▸ **Instructions for the task**: Nothing is to be altered; the data must be repeated exactly.

%%

(* Let $G$ be an abelian group and let $(a_n)_{n\in\omega}$ be a $T$-sequence in $G$. Put $A=\{0,a_n,-a_n : n\in\omega\}$ and let $A_n$ denote the sum of $n$ copies of $A$. Then the family $\{F+A_n : F\in[G]^{<\omega},\ n\in\omega\}$ is a base for the group ideal $\mathcal{C}_{\tau(a_n)}$ (i.e. each $F+A_n$ belongs to $\mathcal{C}_{\tau(a_n)}$ and every member of $\mathcal{C}_{\tau(a_n)}$ is contained in some $F+A_n$), and $\mathcal{C}_{\tau(a_n)}=\mathcal{S}_{\tau(a_n)}$. If moreover $G$ is generated by $\{a_n:n\in\omega\}$, then $\{A_n:n\in\omega\}$ is a base for $\mathcal{C}_{\tau(a_n)}$.
   Context: A sequence $(a_n)_{n\in\omega}$ in an abelian group $G$ is a $T$-sequence if there exists a Hausdorff group topology on $G$ in which $(a_n)$ converges to $0$; $\tau(a_n)$ denotes the strongest group topology on $G$ in which $(a_n)$ converges to $0$. $[G]^{<\omega}$ is the family of finite subsets of $G$. For a topological group $(G,\tau)$, $\mathcal{C}_\tau$ is the family of precompact subsets of $G$ (subsets with compact closure), and $\mathcal{S}_\tau$ is the smallest group ideal on $G$ containing every set of the form $\{x\}\cup\{x_n:n\in\omega\}$ where $(x_n)$ is a sequence converging to $x$ in $(G,\tau)$. A group ideal on a group $G$ is a family $\mathcal{I}$ of subsets of $G$ containing all finite subsets and such that $A,B\in\mathcal{I}$, $C\subseteq A$ imply $AB^{-1}\in\mathcal{I}$ and $C\in\mathcal{I}$. *)

theory Defs
  imports "HOL-Analysis.Analysis"
begin

definition group_topology :: "'a::ab_group_add topology \<Rightarrow> bool" where
  "group_topology T \<longleftrightarrow> topspace T = UNIV
     \<and> continuous_map (prod_topology T T) T (\<lambda>(x, y). x + y)
     \<and> continuous_map T T uminus"

definition T_sequence :: "(nat \<Rightarrow> 'a::ab_group_add) \<Rightarrow> bool" where
  "T_sequence a \<longleftrightarrow> (\<exists>T. group_topology T \<and> Hausdorff_space T \<and> limitin T a 0 sequentially)"

definition tau :: "(nat \<Rightarrow> 'a::ab_group_add) \<Rightarrow> 'a topology" where
  "tau a = (THE T. group_topology T \<and> limitin T a 0 sequentially
              \<and> (\<forall>T'. group_topology T' \<and> limitin T' a 0 sequentially
                      \<longrightarrow> (\<forall>U. openin T' U \<longrightarrow> openin T U)))"

definition setsum :: "'a::ab_group_add set \<Rightarrow> 'a set \<Rightarrow> 'a set" where
  "setsum A B = {x + y | x y. x \<in> A \<and> y \<in> B}"

definition setdiff :: "'a::ab_group_add set \<Rightarrow> 'a set \<Rightarrow> 'a set" where
  "setdiff A B = {x - y | x y. x \<in> A \<and> y \<in> B}"

fun nsum :: "'a::ab_group_add set \<Rightarrow> nat \<Rightarrow> 'a set" where
  "nsum A 0 = {0}"
| "nsum A (Suc n) = setsum A (nsum A n)"

definition group_ideal :: "'a::ab_group_add set set \<Rightarrow> bool" where
  "group_ideal I \<longleftrightarrow> (\<forall>F. finite F \<longrightarrow> F \<in> I)
     \<and> (\<forall>A\<in>I. \<forall>B\<in>I. setdiff A B \<in> I)
     \<and> (\<forall>A\<in>I. \<forall>C. C \<subseteq> A \<longrightarrow> C \<in> I)"

definition precompacts :: "'a topology \<Rightarrow> 'a set set" where
  "precompacts T = {B. B \<subseteq> topspace T \<and> compactin T (T closure_of B)}"

definition seq_ideal :: "'a::ab_group_add topology \<Rightarrow> 'a set set" where
  "seq_ideal T = \<Inter>{I. group_ideal I \<and>
      (\<forall>x xs. limitin T xs x sequentially \<longrightarrow> insert x (range xs) \<in> I)}"

definition is_subgroup :: "'a::ab_group_add set \<Rightarrow> bool" where
  "is_subgroup S \<longleftrightarrow> 0 \<in> S \<and> (\<forall>x\<in>S. \<forall>y\<in>S. x - y \<in> S)"

definition gen_subgroup :: "'a::ab_group_add set \<Rightarrow> 'a set" where
  "gen_subgroup X = \<Inter>{S. is_subgroup S \<and> X \<subseteq> S}"

definition is_base :: "'a set set \<Rightarrow> 'a set set \<Rightarrow> bool" where
  "is_base \<B> I \<longleftrightarrow> \<B> \<subseteq> I \<and> (\<forall>B\<in>I. \<exists>D\<in>\<B>. B \<subseteq> D)"
text \<open>The properties of \<open>Q\<^sub>m\<close> that an isomorphic copy inside an \<open>m\<close>-dimensional grid
  inherits; they already force the copy to be a unit box.\<close>

locale cube_like =
  fixes V :: "nat list set" and A :: "nat list \<Rightarrow> nat list \<Rightarrow> bool" and m :: nat
  assumes finite: "finite V"
    and card: "card V = 2 ^ m"
    and length: "v \<in> V \<Longrightarrow> length v = m"
    and adj: "A u v \<Longrightarrow> u \<in> V \<and> v \<in> V \<and> grid_adj u v"
    and sym: "A u v \<Longrightarrow> A v u"
    and degree: "v \<in> V \<Longrightarrow> card {u. A v u} = m"
    and square: "v \<in> V \<Longrightarrow> A v u \<Longrightarrow> A v w \<Longrightarrow> u \<noteq> w \<Longrightarrow> \<exists>z. z \<noteq> v \<and> A u z \<and> A w z"
begin

lemma neighbour_along_coord_unique:
  assumes "v \<in> V" "A v u" "A v w" "i < m" "u!i \<noteq> v!i" "w!i \<noteq> v!i"
  shows "u = w"
proof (rule ccontr)
  assume "u \<noteq> w"
  then obtain z where z: "z \<noteq> v" "A u z" "A w z" using square assms(1-3) by blast
  have "z = v"
    by (rule grid_common_neighbour_same_coord[of v u w z i])
      (use adj assms z \<open>u \<noteq> w\<close> length in auto)
  with z show False by simp
qed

%%

▸ **Exercise result**:
(* Let $G$ be an abelian group and let $(a_n)_{n\in\omega}$ be a $T$-sequence in $G$. Put $A=\{0,a_n,-a_n : n\in\omega\}$ and let $A_n$ denote the sum of $n$ copies of $A$. Then the family $\{F+A_n : F\in[G]^{<\omega},\ n\in\omega\}$ is a base for the group ideal $\mathcal{C}_{\tau(a_n)}$ (i.e. each $F+A_n$ belongs to $\mathcal{C}_{\tau(a_n)}$ and every member of $\mathcal{C}_{\tau(a_n)}$ is contained in some $F+A_n$), and $\mathcal{C}_{\tau(a_n)}=\mathcal{S}_{\tau(a_n)}$. If moreover $G$ is generated by $\{a_n:n\in\omega\}$, then $\{A_n:n\in\omega\}$ is a base for $\mathcal{C}_{\tau(a_n)}$.
   Context: A sequence $(a_n)_{n\in\omega}$ in an abelian group $G$ is a $T$-sequence if there exists a Hausdorff group topology on $G$ in which $(a_n)$ converges to $0$; $\tau(a_n)$ denotes the strongest group topology on $G$ in which $(a_n)$ converges to $0$. $[G]^{<\omega}$ is the family of finite subsets of $G$. For a topological group $(G,\tau)$, $\mathcal{C}_\tau$ is the family of precompact subsets of $G$ (subsets with compact closure), and $\mathcal{S}_\tau$ is the smallest group ideal on $G$ containing every set of the form $\{x\}\cup\{x_n:n\in\omega\}$ where $(x_n)$ is a sequence converging to $x$ in $(G,\tau)$. A group ideal on a group $G$ is a family $\mathcal{I}$ of subsets of $G$ containing all finite subsets and such that $A,B\in\mathcal{I}$, $C\subseteq A$ imply $AB^{-1}\in\mathcal{I}$ and $C\in\mathcal{I}$. *)

theory Defs
  imports "HOL-Analysis.Analysis"
begin

definition group_topology :: "'a::ab_group_add topology \<Rightarrow> bool" where
  "group_topology T \<longleftrightarrow> topspace T = UNIV
     \<and> continuous_map (prod_topology T T) T (\<lambda>(x, y). x + y)
     \<and> continuous_map T T uminus"

definition T_sequence :: "(nat \<Rightarrow> 'a::ab_group_add) \<Rightarrow> bool" where
  "T_sequence a \<longleftrightarrow> (\<exists>T. group_topology T \<and> Hausdorff_space T \<and> limitin T a 0 sequentially)"

definition tau :: "(nat \<Rightarrow> 'a::ab_group_add) \<Rightarrow> 'a topology" where
  "tau a = (THE T. group_topology T \<and> limitin T a 0 sequentially
              \<and> (\<forall>T'. group_topology T' \<and> limitin T' a 0 sequentially
                      \<longrightarrow> (\<forall>U. openin T' U \<longrightarrow> openin T U)))"

definition setsum :: "'a::ab_group_add set \<Rightarrow> 'a set \<Rightarrow> 'a set" where
  "setsum A B = {x + y | x y. x \<in> A \<and> y \<in> B}"

definition setdiff :: "'a::ab_group_add set \<Rightarrow> 'a set \<Rightarrow> 'a set" where
  "setdiff A B = {x - y | x y. x \<in> A \<and> y \<in> B}"

fun nsum :: "'a::ab_group_add set \<Rightarrow> nat \<Rightarrow> 'a set" where
  "nsum A 0 = {0}"
| "nsum A (Suc n) = setsum A (nsum A n)"

definition group_ideal :: "'a::ab_group_add set set \<Rightarrow> bool" where
  "group_ideal I \<longleftrightarrow> (\<forall>F. finite F \<longrightarrow> F \<in> I)
     \<and> (\<forall>A\<in>I. \<forall>B\<in>I. setdiff A B \<in> I)
     \<and> (\<forall>A\<in>I. \<forall>C. C \<subseteq> A \<longrightarrow> C \<in> I)"

definition precompacts :: "'a topology \<Rightarrow> 'a set set" where
  "precompacts T = {B. B \<subseteq> topspace T \<and> compactin T (T closure_of B)}"

definition seq_ideal :: "'a::ab_group_add topology \<Rightarrow> 'a set set" where
  "seq_ideal T = \<Inter>{I. group_ideal I \<and>
      (\<forall>x xs. limitin T xs x sequentially \<longrightarrow> insert x (range xs) \<in> I)}"

definition is_subgroup :: "'a::ab_group_add set \<Rightarrow> bool" where
  "is_subgroup S \<longleftrightarrow> 0 \<in> S \<and> (\<forall>x\<in>S. \<forall>y\<in>S. x - y \<in> S)"

definition gen_subgroup :: "'a::ab_group_add set \<Rightarrow> 'a set" where
  "gen_subgroup X = \<Inter>{S. is_subgroup S \<and> X \<subseteq> S}"

definition is_base :: "'a set set \<Rightarrow> 'a set set \<Rightarrow> bool" where
  "is_base \<B> I \<longleftrightarrow> \<B> \<subseteq> I \<and> (\<forall>B\<in>I. \<exists>D\<in>\<B>. B \<subseteq> D)"
text \<open>The properties of \<open>Q\<^sub>m\<close> that an isomorphic copy inside an \<open>m\<close>-dimensional grid
  inherits; they already force the copy to be a unit box.\<close>

locale cube_like =
  fixes V :: "nat list set" and A :: "nat list \<Rightarrow> nat list \<Rightarrow> bool" and m :: nat
  assumes finite: "finite V"
    and card: "card V = 2 ^ m"
    and length: "v \<in> V \<Longrightarrow> length v = m"
    and adj: "A u v \<Longrightarrow> u \<in> V \<and> v \<in> V \<and> grid_adj u v"
    and sym: "A u v \<Longrightarrow> A v u"
    and degree: "v \<in> V \<Longrightarrow> card {u. A v u} = m"
    and square: "v \<in> V \<Longrightarrow> A v u \<Longrightarrow> A v w \<Longrightarrow> u \<noteq> w \<Longrightarrow> \<exists>z. z \<noteq> v \<and> A u z \<and> A w z"
begin

lemma neighbour_along_coord_unique:
  assumes "v \<in> V" "A v u" "A v w" "i < m" "u!i \<noteq> v!i" "w!i \<noteq> v!i"
  shows "u = w"
proof (rule ccontr)
  assume "u \<noteq> w"
  then obtain z where z: "z \<noteq> v" "A u z" "A w z" using square assms(1-3) by blast
  have "z = v"
    by (rule grid_common_neighbour_same_coord[of v u w z i])
      (use adj assms z \<open>u \<noteq> w\<close> length in auto)
  with z show False by simp
qed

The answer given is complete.